Loading Data with SQL

This topic describes several possible ways to load data to OmniSci using SQL commands.

NoteIf there is a potential for duplicate entries and you prefer to avoid loading duplicate rows, see How can I avoid creating duplicate rows? on the Troubleshooting page.

COPY FROM

CSV/TSV Import

Use the following syntax for CSV and TSV files:

COPY <table> FROM '<file pattern>' [WITH (<property> = value, ...)];

<file pattern> must be local on the server. The file pattern can contain wildcards if you want to load multiple files. In addition to CSV, TSV, and TXT files, you can import compressed files in TAR, ZIP,7-ZIP, RAR, GZIP, BZIP2, or TGZ format.

You can import client-side files (\copy command in mapdql) but it is significantly slower. For large files, OmniSci recommends that you first scp the file to the server, and then issue the COPY command.

<property> in the optional WITH clause can be:

  • delimiter: A single-character string for the delimiter between input fields. Default: "," (a CSV file)
  • nulls: A string pattern indicating a field is NULL. Default: an empty string or \N
  • header: Either 'true' or 'false', indicating whether the input file has a header line in Line 1 that should be skipped. Default: 'true'.
  • escape: A single-character string for escaping quotes. Default: the quote character
  • quoted: 'true' or 'false' indicating whether the input file contains quoted fields. Default: 'true'.
  • quote: A single-character string for quoting a field. Default: double quote ("). All characters inside quotes are imported “as is,” except for line delimiters.
  • line_delimiter A single-character string for terminating each line. Default: "\n"
  • array_marker: A two-character string consisting of the start and end characters surrounding an array. Default: { }. For example, data to be inserted into a table with a string array in the second column (for example, BOOLEAN, STRING[], INTEGER) can be written as true,{value1,value2,value3},3.
  • array_delimiter: A single-character string for the delimiter between input values contained within an array.
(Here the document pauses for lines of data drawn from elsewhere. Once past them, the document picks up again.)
lemma folner_inverse_card_tendsto_0:
  assumes "folner \<Phi>"
  shows "(\<lambda>N. 1 / real (card (\<Phi> N))) \<longlonglongrightarrow> 0"
proof (rule tendsto_sandwich[OF _ _ tendsto_const])
  define S where "S N = ((+) 1 ` \<Phi> N - \<Phi> N) \<union> (\<Phi> N - (+) 1 ` \<Phi> N)" for N
  show "(\<lambda>N. real (card (S N)) / real (card (\<Phi> N))) \<longlonglongrightarrow> 0"
    using assms unfolding folner_def S_def by blast
  have "card (S N) \<ge> 1" for N
  proof -
    have fin: "finite (\<Phi> N)" and ne: "\<Phi> N \<noteq> {}"
      using assms unfolding folner_def by auto
    \<comment> \<open>the successor of the largest element of \<open>\<Phi> N\<close> lies in the symmetric difference\<close>
    then have "1 + Max (\<Phi> N) \<in> S N"
      unfolding S_def by (auto dest: Max_ge)
    moreover have "finite (S N)"
      using fin unfolding S_def by auto
    ultimately show ?thesis
      by (metis card_0_eq empty_iff less_one not_le)
  qed
  then show "\<forall>\<^sub>F N in sequentially. 1 / real (card (\<Phi> N)) \<le> real (card (S N)) / real (card (\<Phi> N))"
    by (simp add: divide_right_mono)
qed simp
Default: ",".
  • threads: Number of threads for performing the data import. Default: the number of CPU cores on the system
  • max_reject: Number of records that the COPY statement allows to be rejected before terminating the COPY command. Records can be rejected for a number of reasons, including invalid content in a field, or an incorrect number of columns. The details of the rejected records are reported in the ERROR log. COPY returns a message identifying how many records are rejected. The records that are not rejected are inserted into the table, even if the COPY stops due to the max_reject count being reached. Default: 100,000.
  • plain_text: This parameter indicates that the input file is a plain text file so as to bypass the libarchive decompression utility. CSV, TSV, and TXT are always handled as plain text by default.
  • lonlat: The default behavior is to consume two columns as longitude (x) and then latitude (y) when populating a POINT column. If the order of the coordinates in the CSV file is the opposite, you can load the data using the WITH option lonlat='false'. Default: true.
Note

By default, the CSV parser assumes one row per line. To import a file with multiple lines in a single field, specify threads = 1 in the WITH clause.

Examples:

COPY tweets from '/tmp/tweets.csv' WITH (nulls = 'NA');
COPY tweets from '/tmp/tweets.tsv' WITH (delimiter = '\t', quoted = 'false');
COPY tweets from '/tmp/*'          WITH (header='false');

Geo Import

You can use COPY FROM to import geo files. Use the following syntax, depending on the file source.

Source Syntax
Local server
COPY FROM '</filepath>' WITH (geo='true', ...);
Web site
COPY FROM '<[http | https]://website/filepath>' WITH (geo='true', ...);
Amazon S3
COPY FROM '<s3://bucket/filepath>' WITH (geo='true', s3_region='region', s3_access_key='accesskey', s3_secret_key='secretkey', ... );

The following WITH options are available for geo file imports from all sources:

  • geo_coords_type: Coordinate type used; must begeography.
  • geo_coords_encoding: Coordinates encoding; can be geoint(32) or none. Default: geoint(32)
  • geo_coords_srid: Coordinates spatial reference; must be 4326 (WGS84 longitude/latitude).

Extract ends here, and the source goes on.